Hence, it can be easily inferred that SPACs cannot possibly meet any of these requirements. This is because they do not have any non-monetary tangible assets or any operational profits. Moreover, even if the SPAC founders integrate monetary assets, no SPACs can wait for years before they get listed.
SPAC-related regulations change according to the SPAC exchange requirements across the globe. Some of these regulations are mentioned below,
- In 2018, a bid was placed for encouraging SPACs as well as for reducing price distortion. The NASDAQ offered a proposal to reduce the amount of round-lot holders and maintain a net tangible asset of at least $5 million by the SPACs for remaining to be listed.
- While handling a reverse merger of an already listed entity, the LSE (London Stock Exchange) would require that entity to delist themselves and reapply.
- The HongKong Exchange and Australian Securities Exchange approve reverse mergers depending on specific cases.
- The Toronto Stock Exchange of Canada has a different set of guidelines for SPACs which they actively promote.
India’s two prominent and famous stock exchanges are the Bombay Stock Exchange and the National Stock Exchange. Both the exchanges follow the regulations set forth by the SEBI. Apart from that, the NSE also requires the potential companies to have operational cash accruals for the past two years, making SPACs unqualified for listing. However, it can also be seen that SPACs in India had been successfully listed on eminent exchanges like the NASDAQ.
Besides the above laws and acts, Garg et al. had also identified the Foreign Exchange Management Regulations (2017) and SEBI Regulations (2018) as having a remarkable impact on the Indian SPAC mergers. For instance, the Takeover Code can only be applicable when the target company or companies are listed. In that case, the code sets severe restrictions on the type and extent of control that can be obtained while further increasing the time required for carrying out the transactions. Whereas the FEMR is only applicable when the target or the SPAC is listed on a foreign exchange market or when an Indian SPAC gets its investment from foreign investors. However, the FEMR guidelines only allow overseas investment after applying to the RBI (Reserve Bank of India). However, the 2018 FEMR Cross Border Regulation allows both outbound and inbound mergers subjected to compliance to all relevant regulations and laws.
Possible regulatory amendments and future of SPACs in India
As stated above, some of India’s existing rules and regulations are unfavorable for the development of SPACs. These regulations need to be redesigned to free them of their archaic nature. This would help in bringing a fresh outlook to the Indian state of the economy.

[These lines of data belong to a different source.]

(* Let $L_g$ be a Gaussian Lévy basis on $\mathbb{R}^2$ with $L_g(B)\sim\mathcal{N}(\mu\,\mathrm{Leb}(B),\sigma^2\mathrm{Leb}(B))$, let $\phi:(-\infty,0]\to[0,\infty)$ be continuous and increasing with $\int_{-\infty}^0\phi<\infty$, $A=\{(s,x):s<0,\ 0<x<\phi(s)\}$, $A_t=A+(t,0)$, and $X_t=L_g(A_t)$. Then $X$ has a modification whose paths are locally Hölder continuous with every exponent $\alpha\in(0,1/2)$.
   Context: A Gaussian Lévy basis is a family $\{L_g(B): B\}$ indexed by Borel sets of finite Lebesgue measure such that values on disjoint sets are independent, $L_g$ is countably additive a.s., and $L_g(B)\sim\mathcal{N}(\mu\,\mathrm{Leb}(B),\sigma^2\mathrm{Leb}(B))$. *)

theory Defs
  imports "HOL-Probability.Probability"
begin

definition gauss_measure :: "real \<Rightarrow> real \<Rightarrow> real measure" where
  "gauss_measure m v =
     (if v > 0 then density lborel (normal_density m (sqrt v)) else return borel m)"

definition gaussian_levy_basis ::
  "'w measure \<Rightarrow> ((real \<times> real) set \<Rightarrow> 'w \<Rightarrow> real) \<Rightarrow> real \<Rightarrow> real \<Rightarrow> bool" where
  "gaussian_levy_basis M L \<mu> \<sigma> \<longleftrightarrow>
     prob_space M \<and>
     (\<forall>B\<in>sets lborel. emeasure lborel B < \<infinity> \<longrightarrow>
        L B \<in> borel_measurable M \<and>
        distr M borel (L B) = gauss_measure (\<mu> * measure lborel B) (\<sigma>\<^sup>2 * measure lborel B)) \<and>
     (\<forall>(I :: nat set) B. finite I \<longrightarrow>
        (\<forall>i\<in>I. B i \<in> sets lborel \<and> emeasure lborel (B i) < \<infinity>) \<longrightarrow>
        disjoint_family_on B I \<longrightarrow>
        prob_space.indep_vars M (\<lambda>_. borel) (\<lambda>i. L (B i)) I) \<and>
     (\<forall>B :: nat \<Rightarrow> (real \<times> real) set.
        (\<forall>i. B i \<in> sets lborel) \<longrightarrow> disjoint_family B \<longrightarrow>
        emeasure lborel (\<Union>i. B i) < \<infinity> \<longrightarrow>
        (AE \<omega> in M. (\<lambda>n. L (B n) \<omega>) sums L (\<Union>i. B i) \<omega>))"

definition locally_hoelder :: "real \<Rightarrow> (real \<Rightarrow> real) \<Rightarrow> bool" where
  "locally_hoelder \<alpha> f \<longleftrightarrow>
     (\<forall>a b. \<exists>C. \<forall>s\<in>{a..b}. \<forall>t\<in>{a..b}. \<bar>f s - f t\<bar> \<le> C * \<bar>s - t\<bar> powr \<alpha>)"

end

theory Submission
  imports Defs
begin

text \<open>Almost surely \<open>X t - X s = L (A t - A s) - L (A s - A t)\<close>. All ambit sets have the same
  finite area and \<open>\<phi>\<close> is increasing, so both differences have area at most \<open>\<phi> 0 |t - s|\<close>, and the
  Gaussian law of \<open>L\<close> gives \<open>E (X t - X s)^(2k) \<le> K k |t - s|^k\<close> for every \<open>k\<close>. Hence the expected
  value of \<open>\<Sum>n. 2^((k-2) n) \<Sum>j. (X ((j+1)/2^n) - X (j/2^n))^(2k)\<close> over a bounded window is finite,
  so almost surely the level-\<open>n\<close> dyadic increments are \<open>O(2^(-n (1/2 - 1/k)))\<close>. Chaining along the
  dyadic approximations from below then yields a limit path that is locally Hoelder of every exponent
  below \<open>1/2 - 1/k\<close>, and this limit equals \<open>X t\<close> almost surely because the dyadic approximations
  converge to \<open>X t\<close> fast in \<open>L\<^sup>2\<close>.\<close>

section \<open>Dyadic chaining\<close>

definition dyadic_floor :: "nat \<Rightarrow> real \<Rightarrow> real" where
  "dyadic_floor n t = of_int \<lfloor>t * 2^n\<rfloor> / 2^n"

Policymakers need to redefine shell companies more effectively to alter the negative perceptions about shell companies primarily used as a vehicle of money laundering. A separate committee should be constituted for studying the potential influence of SPACs in the Indian economy, especially towards improving the start-up industry. Moreover, India also requires specific SPAC-targeted laws as they are different from the standard companies that go through regular IPOs.
Therefore, the Company’s Act needs to incorporate a separate chapter covering essential elements like SPAC incorporation, compliance, and the governance aspects related to the shareholders, board, and the management associated with the SPAC. A SPAC gets to work under standard provisions after it has concluded its acquisition. Therefore, separate chapters and provisions are required for facilitating all the applicable listing requirements and laws in terms of SPAC acquisitions. The Income Tax Law of India should also incorporate SPACs under their deductions and exemptions that are presently available only for angel investors, VCs, and start-ups.
India Inc has witnessed rapid change in recent years. McKinsey has seized the capital market of India at approximately $140bn. Studies have suggested that more extended capital markets can also help release $100 billion of new funding every year that would effectively accelerate the growth of the Indian industry. Therefore, the regulators must adopt a new approach towards SPAC investment, thereby unlocking various prospects offered by these structures.